(* The following congruences hold coefficientwise modulo $128$: $$\sum_{n\ge0}\overline{bt}(4n)q^n\equiv 32q\frac{f_2^{47}}{f_1^{50}f_4f_8^2}+56q\frac{f_2^{61}f_8^2}{f_1^{54}f_4^{15}}+\frac{f_2^{71}}{f_1^{58}f_4^{17}f_8^2},$$ $$\sum_{n\ge0}\overline{bt}(8n)q^n\equiv 32q\frac{f_2^{169}f_8^2}{f_1^{126}f_4^{51}}+16q\frac{f_2^{155}}{f_1^{122}f_4^{37}f_8^2}+\frac{f_2^{179}}{f_1^{130}f_4^{53}f_8^2},$$ $$\sum_{n\ge0}\overline{bt}(16n)q^n\equiv 96q\frac{f_2^{385}f_8^2}{f_1^{270}f_4^{123}}+\frac{f_2^{395}}{f_1^{274}f_4^{125}f_8^2},$$ $$\sum_{n\ge0}\overline{bt}(32n)q^n\equiv 96q\frac{f_2^{803}}{f_1^{554}f_4^{253}f_8^2}+96q\frac{f_2^{817}f_8^2}{f_1^{558}f_4^{267}}+\frac{f_2^{827}}{f_1^{562}f_4^{269}f_8^2}.$$
   Context: For a positive integer $k$ let $f_k:=\prod_{m=1}^\infty(1-q^{mk})$, viewed as formal power series in $q$ with integer coefficients (quotients of such products with constant term $1$ are again integer power series). The function $\overline{bt}(n)$ is defined by $\sum_{n\ge0}\overline{bt}(n)q^n=\frac{f_4^3}{f_1^6f_2^3}$. A congruence $A\equiv B\pmod m$ between power series means all corresponding coefficients are congruent modulo $m$. *)

theory Defs
  imports "HOL-Computational_Algebra.Formal_Power_Series"
begin

text \<open>Power series are taken over the rationals so that quotients of the
products f_k (which have constant term 1) can be formed with the library's
fps inverse; all series involved have integer coefficients.\<close>

text \<open>f_k = prod_{m>=1} (1 - q^(mk)).  The n-th coefficient of the infinite
product equals the n-th coefficient of the finite product over m = 1..n
(for k >= 1 the factors with m > n are 1 + O(q^(n+1))).\<close>
definition f :: "nat \<Rightarrow> rat fps" where
  "f k = Abs_fps (\<lambda>n. fps_nth (\<Prod>m\<in>{1..n}. 1 - fps_X ^ (m * k)) n)"

definition bt_gf :: "rat fps" where
  "bt_gf = f 4 ^ 3 / (f 1 ^ 6 * f 2 ^ 3)"

definition bt :: "nat \<Rightarrow> rat" where
  "bt n = fps_nth bt_gf n"

definition fps_cong :: "rat fps \<Rightarrow> rat fps \<Rightarrow> int \<Rightarrow> bool" where
  "fps_cong A B m \<longleftrightarrow> (\<forall>n. \<exists>c::int. fps_nth A n - fps_nth B n = of_int (m * c))"

end

theory Submission
  imports Defs "HOL-Library.Product_Plus"
begin

unbundle fps_syntax

text \<open>Write \<open>u\<^sub>k = \<Sum> bt(k n) q\<^sup>n\<close>. Since \<open>u\<^sub>2\<^sub>k\<close> is the even part of \<open>u\<^sub>k\<close>, each congruence
  follows from the previous one by extracting the even part of a short linear combination of eta
  quotients \<open>q\<^sup>t f\<^sub>1\<^sup>a f\<^sub>2\<^sup>b f\<^sub>4\<^sup>c f\<^sub>8\<^sup>d\<close>. Only the factor \<open>f\<^sub>1\<^sup>a\<close> is not a series in \<open>q\<^sup>2\<close>; it is
  split into even and odd parts with the 2-dissections of \<open>1/f\<^sub>1\<^sup>2\<close> and \<open>1/f\<^sub>1\<^sup>4\<close>, which come
  from \<open>\<phi>(q) = \<phi>(q\<^sup>4) + 2q\<psi>(q\<^sup>8)\<close> together with the product formulas
  \<open>\<phi> = f\<^sub>2\<^sup>5/(f\<^sub>1\<^sup>2f\<^sub>4\<^sup>2)\<close> and \<open>\<psi> = f\<^sub>2\<^sup>2/f\<^sub>1\<close> (limits of finite Jacobi triple products).
  The odd part of the dissection of \<open>1/f\<^sub>1\<^sup>4\<close> carries the factor \<open>4q\<close>, so modulo 128 only four
  terms of the binomial expansion of \<open>f\<^sub>1\<^bsup>-4m\<^esup>\<close> survive, and the even parts become finite
  computations with exponent vectors.\<close>


definition fps_agree :: "nat \<Rightarrow> 'a::comm_ring_1 fps \<Rightarrow> 'a fps \<Rightarrow> bool" where
  "fps_agree M A B \<longleftrightarrow> (\<forall>i<M. A $ i = B $ i)"

lemma fps_agree_refl [simp]: "fps_agree M A A"
  by (simp add: fps_agree_def)

lemma fps_agree_sym: "fps_agree M A B \<Longrightarrow> fps_agree M B A"
  by (simp add: fps_agree_def)

lemma fps_agree_trans: "fps_agree M A B \<Longrightarrow> fps_agree M B C \<Longrightarrow> fps_agree M A C"
  by (simp add: fps_agree_def)
lemma uniform_share_subsets_eq:
  fixes r :: nat
  assumes "S' \<subseteq> U" "v \<in> S'" "w \<in> S'"
  defines "F \<equiv> {R. R \<subseteq> U \<and> card R = r}"
  shows "uniform_share F S' v = uniform_share F S' w"
proof -
  let ?t = "Transposition.transpose v w"
  have t_U: "?t ` U = U" and t_S': "?t ` S' = S'"
    using assms(1-3) by (auto intro!: transpose_image_eq)
  have "(`) ?t ` F \<subseteq> F"
    using t_U by (auto simp: F_def card_image image_mono)
  then have "bij_betw ((`) ?t) F F"
    by (intro bij_betw_byWitness[where f' = "(`) ?t"]) (simp_all add: image_image)
  then have "uniform_share F S' w
      = (\<Sum>R\<in>F. if w \<in> ?t ` R then 1 / real (card (?t ` R \<inter> S')) else 0)"
    unfolding uniform_share_def by (rule sum.reindex_bij_betw[symmetric])
  also have "\<dots> = uniform_share F S' v"
    unfolding uniform_share_def
  proof (rule sum.cong[OF refl])
    fix R :: "'a set"
    have "?t ` R \<inter> S' = ?t ` (R \<inter> S')"
      using t_S' by (simp add: image_Int)
    then have "card (?t ` R \<inter> S') = card (R \<inter> S')"
      by (simp add: card_image)
    moreover have "w \<in> ?t ` R \<longleftrightarrow> v \<in> R"
      by (simp add: in_transpose_image_iff)
    ultimately show "(if w \<in> ?t ` R then 1 / real (card (?t ` R \<inter> S')) else 0)
        = (if v \<in> R then 1 / real (card (R \<inter> S')) else 0)"
      by simp
  qed
  finally show ?thesis ..
qed

lemma sum_mean_eq_sum_uniform_share:
  fixes g :: "'a \<Rightarrow> real"
  assumes "finite S'"
  shows "(\<Sum>R\<in>F. (\<Sum>v\<in>R \<inter> S'. g v) / real (card (R \<inter> S')))
         = (\<Sum>v\<in>S'. g v * uniform_share F S' v)"
proof -
  have "(\<Sum>v\<in>R \<inter> S'. g v) / real (card (R \<inter> S'))
      = (\<Sum>v\<in>S'. if v \<in> R then g v / real (card (R \<inter> S')) else 0)" for R
  proof -
    have "R \<inter> S' = {v\<in>S'. v \<in> R}" by auto
    then show ?thesis
      using sum.inter_filter[OF assms, of "\<lambda>v. g v / real (card (R \<inter> S'))" "\<lambda>v. v \<in> R"]
      by (simp add: sum_divide_distrib)
  qed
  then show ?thesis
    unfolding uniform_share_def
    by (simp add: sum.swap[of _ F] sum_distrib_left if_distrib cong: if_cong)
qed

lemma sum_uniform_share:
  assumes "finite F" "finite S'"
  shows "(\<Sum>v\<in>S'. uniform_share F S' v) = real (card {R\<in>F. R \<inter> S' \<noteq> {}})"
proof -
  have "(\<Sum>v\<in>S'. uniform_share F S' v)
      = (\<Sum>R\<in>F. real (card (R \<inter> S')) / real (card (R \<inter> S')))"
    using sum_mean_eq_sum_uniform_share[OF assms(2), where g = "\<lambda>_. 1" and F = F] by simp
  also have "\<dots> = (\<Sum>R\<in>F. if R \<inter> S' \<noteq> {} then 1 else 0)"
    using assms(2) by (intro sum.cong) auto
  also have "\<dots> = real (card {R\<in>F. R \<inter> S' \<noteq> {}})"
    using sum.inter_filter[OF assms(1), of "\<lambda>_. 1::real" "\<lambda>R. R \<inter> S' \<noteq> {}"] by simp
  finally show ?thesis .
qed

lemma mean_le_Max:
  fixes g :: "'a \<Rightarrow> real"
  assumes "finite R" "R \<noteq> {}" "\<And>v. v \<in> R \<Longrightarrow> 0 \<le> g v"
  shows "(\<Sum>v\<in>R \<inter> S'. g v) / real (card (R \<inter> S')) \<le> Max (g ` R)"
proof -
  have le_Max: "g v \<le> Max (g ` R)" if "v \<in> R" for v using assms(1) that by auto
  show ?thesis
  proof (cases "R \<inter> S' = {}")
    case True
    obtain v where "v \<in> R" using assms(2) by auto
    then show ?thesis using le_Max[of v] assms(3)[of v] True by auto
  next
    case False
    have "(\<Sum>v\<in>R \<inter> S'. g v) \<le> real (card (R \<inter> S')) * Max (g ` R)"
      by (rule sum_bounded_above) (use le_Max in auto)
    moreover have "0 < card (R \<inter> S')" using False assms(1) by (simp add: card_gt_0_iff)
    ultimately show ?thesis by (simp add: divide_le_eq mult.commute)
  qed
qed

text \<open>Bound \<open>Max (g ` R)\<close> below by the mean of \<open>g\<close> over \<open>R \<inter> S'\<close> (which is \<open>0\<close> if
  \<open>R \<inter> S' = {}\<close>); summed over \<open>R\<close>, each \<open>v \<in> S'\<close> receives the weight \<open>uniform_share F S' v\<close>,
  which by symmetry does not depend on \<open>v\<close>.\<close>
lemma sum_Max_subsets_ge:
  fixes g :: "'a \<Rightarrow> real"
  assumes fin: "finite U" and "S' \<subseteq> U" and g_nonneg: "\<And>v. v \<in> U \<Longrightarrow> 0 \<le> g v"
    and "1 \<le> r"
  defines "F \<equiv> {R. R \<subseteq> U \<and> card R = r}"
  shows "real (card {R\<in>F. R \<inter> S' \<noteq> {}}) / real (card S') * (\<Sum>v\<in>S'. g v)
         \<le> (\<Sum>R\<in>F. Max (g ` R))"
proof -
  have fin_F: "finite F" unfolding F_def using fin by (auto intro: finite_subset[of _ "Pow U"])
  have fin_S': "finite S'" using fin \<open>S' \<subseteq> U\<close> finite_subset by blast
  have "real (card {R\<in>F. R \<inter> S' \<noteq> {}}) / real (card S') * (\<Sum>v\<in>S'. g v)
      = (\<Sum>v\<in>S'. g v * uniform_share F S' v)"
  proof (cases "S' = {}")
    case False
    then obtain v0 where v0: "v0 \<in> S'" by auto
    have share_eq: "uniform_share F S' v = uniform_share F S' v0" if "v \<in> S'" for v
      unfolding F_def using \<open>S' \<subseteq> U\<close> that v0 by (rule uniform_share_subsets_eq)
    then have "real (card {R\<in>F. R \<inter> S' \<noteq> {}}) = real (card S') * uniform_share F S' v0"
      using sum_uniform_share[OF fin_F fin_S'] by simp
    then show ?thesis
      using share_eq False fin_S' by (simp add: sum_distrib_right mult.commute)
  qed simp
  also have "\<dots> = (\<Sum>R\<in>F. (\<Sum>v\<in>R \<inter> S'. g v) / real (card (R \<inter> S')))"
    by (rule sum_mean_eq_sum_uniform_share[OF fin_S', symmetric])
  also have "\<dots> \<le> (\<Sum>R\<in>F. Max (g ` R))"
  proof (rule sum_mono)
    fix R assume "R \<in> F"
    then have "R \<subseteq> U" "card R = r" unfolding F_def by auto
    then have "finite R" "R \<noteq> {}" using fin finite_subset \<open>1 \<le> r\<close> by auto
    with \<open>R \<subseteq> U\<close> show "(\<Sum>v\<in>R \<inter> S'. g v) / real (card (R \<inter> S')) \<le> Max (g ` R)"
      using g_nonneg by (intro mean_le_Max) auto
  qed
  finally show ?thesis .
qed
-*-*-
▶ Work instructions
From the listing above, copy every line that includes the word "quotients".

▶ Output
   Context: For a positive integer $k$ let $f_k:=\prod_{m=1}^\infty(1-q^{mk})$, viewed as formal power series in $q$ with integer coefficients (quotients of such products with constant term $1$ are again integer power series). The function $\overline{bt}(n)$ is defined by $\sum_{n\ge0}\overline{bt}(n)q^n=\frac{f_4^3}{f_1^6f_2^3}$. A congruence $A\equiv B\pmod m$ between power series means all corresponding coefficients are congruent modulo $m$. *)
text \<open>Power series are taken over the rationals so that quotients of the
  quotients \<open>q\<^sup>t f\<^sub>1\<^sup>a f\<^sub>2\<^sup>b f\<^sub>4\<^sup>c f\<^sub>8\<^sup>d\<close>. Only the factor \<open>f\<^sub>1\<^sup>a\<close> is not a series in \<open>q\<^sup>2\<close>; it is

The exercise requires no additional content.